What is the intent of the e-mail?  You don't list a location, but in some countries, such as Canada, you need permission from the recipient to send offers/solicitation.


----------



## Triton (Apr 3, 2017)

tirediron said:


> What is the intent of the e-mail?  You don't list a location, but in some countries, such as Canada, you need permission from the recipient to send offers/solicitation.



Well, I am glad I posted here then!  I am from Canada, and my intent would be to try and get some  new clients (sales).  All of my sales thus far have been from photos I had in stock and sold to the same client for advertising purposes.  So you're saying I would have to email the client first to ask permission to send an offer?  A large part of the potential client list I created is in the US.  


Sent from my iPhone using ThePhotoForum.com mobile app


----------



## tirediron (Apr 3, 2017)

Okay... not sure how it applies to cross-border marketing, but it's the reason that practically every commercial website now asks for your e-mail address for their "newsletter", special offers, or whatever.
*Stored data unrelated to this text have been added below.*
lemma wedge_coord_expansion:
  assumes "length phis = p" "set phis \<subseteq> Mlat \<rho>"
  shows "wedge \<rho> p vs phis
    = (\<Sum>f\<in>PiE {..<p} (\<lambda>_. {..<m}). (\<Prod>i<p. coord phis i (f i)) * ldet p (\<lambda>i l. bl (f i) \<bullet> vs l))"
proof -
  have "wedge \<rho> p vs phis = ldet p (\<lambda>i l. phis ! i \<bullet> vs l)" using assms by (simp add: wedge_def)
  also have "\<dots> = ldet p (\<lambda>i l. \<Sum>j<m. coord phis i j * (bl j \<bullet> vs l))"
    using assms coord by (intro ldet_cong) (simp add: inner_sum_left)
  also have "\<dots> = (\<Sum>f\<in>PiE {..<p} (\<lambda>_. {..<m}). (\<Prod>i<p. coord phis i (f i)) * ldet p (\<lambda>i l. bl (f i) \<bullet> vs l))"
    by (rule ldet_multilinear) simp
  finally show ?thesis .
qed

lemma ldet_injection_rows:
  assumes "inj_on f {..<p}"
  shows "ldet p (\<lambda>i l. bl (f i) \<bullet> vs l) = of_int (sign (sort_perm p f)) * minor p vs (f ` {..<p})"
proof -
  have "ldet p (\<lambda>i l. bl (f i) \<bullet> vs l) = ldet p (\<lambda>i l. bl (sl (f ` {..<p}) ! sort_perm p f i) \<bullet> vs l)"
    using sort_perm(2)[OF assms] by (intro ldet_cong) simp
  also have "\<dots> = of_int (sign (sort_perm p f)) * minor p vs (f ` {..<p})"
    unfolding minor_def by (rule ldet_permute_rows[OF sort_perm(1)[OF assms]])
  finally show ?thesis .
qed

text \<open>A wedge whose minors vanish on the p-sets containing all the edge indices is determined by
  its values on the dual tuples of the remaining p-sets: expand each argument in the basis bl by
  multilinearity, drop the non-injective terms and sort the injective ones.\<close>

lemma wedge_expansion:
  assumes vanish: "\<And>J. J \<subseteq> {..<m} \<Longrightarrow> card J = p \<Longrightarrow> {..<k} \<subseteq> J \<Longrightarrow> minor p vs J = 0"
  shows "wedge \<rho> p vs phis
    = (\<Sum>J\<in>subsets_missing m k p. expansion_coeff p phis J * wedge \<rho> p vs (dual_tuple J))"
proof (cases "length phis = p \<and> set phis \<subseteq> Mlat \<rho>")
  case False
  then have "wedge \<rho> p vs phis = 0" "\<And>J. expansion_coeff p phis J = 0"
    unfolding wedge_def expansion_coeff_def by auto
  then show ?thesis by simp
next
  case True
  let ?G = "subsets_missing m k p"
  let ?P = "PiE {..<p} (\<lambda>_. {..<m})"
  let ?a = "\<lambda>f. \<Prod>i<p. coord phis i (f i)"
  let ?T = "\<lambda>f. ?a f * of_int (sign (sort_perm p f)) * minor p vs (f ` {..<p})"
  let ?Q = "\<lambda>f. inj_on f {..<p} \<and> f ` {..<p} \<in> ?G"
  have "wedge \<rho> p vs phis = (\<Sum>f\<in>?P. ?a f * ldet p (\<lambda>i l. bl (f i) \<bullet> vs l))"
    using True by (intro wedge_coord_expansion) auto
  also have "\<dots> = (\<Sum>f\<in>?P. if ?Q f then ?T f else 0)"
  proof (rule sum.cong[OF refl])
    fix f assume f: "f \<in> ?P"
    show "?a f * ldet p (\<lambda>i l. bl (f i) \<bullet> vs l) = (if ?Q f then ?T f else 0)"
    proof (cases "inj_on f {..<p}")
      case False
      then obtain i j where ij: "i < p" "j < p" "i \<noteq> j" "f i = f j" unfolding inj_on_def by auto
      then show ?thesis using False by (simp add: ldet_identical_rows[OF ij(1-3)])
    next
      case inj: True
      have J: "f ` {..<p} \<subseteq> {..<m}" "card (f ` {..<p}) = p" using f card_image[OF inj] by auto
      then show ?thesis
        using inj vanish[OF J] ldet_injection_rows[OF inj] by (auto simp: subsets_missing_def)
    qed
  qed
  also have "\<dots> = (\<Sum>f\<in>{f\<in>?P. ?Q f}. ?T f)"
    by (rule sum.inter_filter[symmetric]) (simp add: finite_PiE)
  also have "\<dots> = (\<Sum>J\<in>?G. \<Sum>f\<in>{f\<in>{f\<in>?P. ?Q f}. f ` {..<p} = J}. ?T f)"
    by (rule sum.group[symmetric]) (auto simp: finite_subsets_missing finite_PiE)
  also have "\<dots> = (\<Sum>J\<in>?G. expansion_coeff p phis J * wedge \<rho> p vs (dual_tuple J))"
  proof (rule sum.cong[OF refl])
    fix J assume J: "J \<in> ?G"
    then have "{f\<in>{f\<in>?P. ?Q f}. f ` {..<p} = J} = injections_onto p J"
      unfolding injections_onto_def by auto
    moreover have "(\<Sum>f\<in>injections_onto p J. ?T f)
        = (\<Sum>f\<in>injections_onto p J. ?a f * of_int (sign (sort_perm p f))) * minor p vs J"
      unfolding sum_distrib_right by (rule sum.cong[OF refl]) (simp add: injections_onto_def)
    ultimately show "(\<Sum>f\<in>{f\<in>{f\<in>?P. ?Q f}. f ` {..<p} = J}. ?T f)
        = expansion_coeff p phis J * wedge \<rho> p vs (dual_tuple J)"
      using True J wedge_dual_tuple unfolding expansion_coeff_def subsets_missing_def by simp
  qed
  finally show ?thesis .
qed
Once you give them your e-mail address, the permission for them to contact you is implicit in that.  Check out the CMA's page on this.


----------



## Triton (Apr 3, 2017)

tirediron said:


> Okay... not sure how it applies to cross-border marketing, but it's the reason that practically every commercial website now asks for your e-mail address for their "newsletter", special offers, or whatever. Once you give them your e-mail address, the permission for them to contact you is implicit in that.  Check out the CMA's page on this.



Ironically I had to give my email address to upload the pdf!  Its clear as mud!  Ill have to read it a few times to let it sink in but basically its says exactly what you said.  Ill  need to get permission first  before sending any sort email marketing.  Which makes sense.  Ill have to look into the cross border regulations.  Im hoping they're not the same.  I am not scared to use the ole telephone either which might help me cover more water....


Sent from my iPhone using ThePhotoForum.com mobile app


----------



## unpopular (Apr 3, 2017)

No. Just don't.

Spam has a highly negative association, and is out-dated. I don't have any alternative advise for you, but unsolicited e-mail is 'oh-so-2002', and unless you're a Nigerian prince, it's probably best to just stay away.

Ask yourself - do you like getting junk e-mail?


----------



## Triton (Apr 3, 2017)

unpopular said:


> No. Just don't.
> 
> Spam has a highly negative association, and is out-dated. I don't have any alternative advise for you, but unsolicited e-mail is 'oh-so-2002', and unless you're a Nigerian prince, it's probably best to just stay away.
> 
> Ask yourself - do you like getting junk e-mail?



Nope, I hate getting junk.  I know its probably been said a few times on here, but I really feel I have a niche market.  Im confident that if I can get these new clients to look at even one photo (or case study) my chances of getting some sales would significantly increase.  As I said up top,  I am certainly open to suggestions, ANY suggestions.  I am an underwater photographer, and I specialize in over/under shots of anglers, gear etc.  I have also taken photos of fully submerged commercial divers working.  I have taken photos of freshwater game fish in their natural habitat.  Im not sure when a photographer is considered a pro,  and I certainly dont want to insinuate that I am one, but my field of expertise and the things I shoot are pretty rare and unique.  I am a professional diver first, which I will confidently admit, and very interested and skilled in photography second.  I have NEVER tried to sell my photos, but they sell (4 times, which isnt a lot).  So if you were to make a suggestion, where would I start trying to sell these?!?


Sent from my iPhone using ThePhotoForum.com mobile app


----------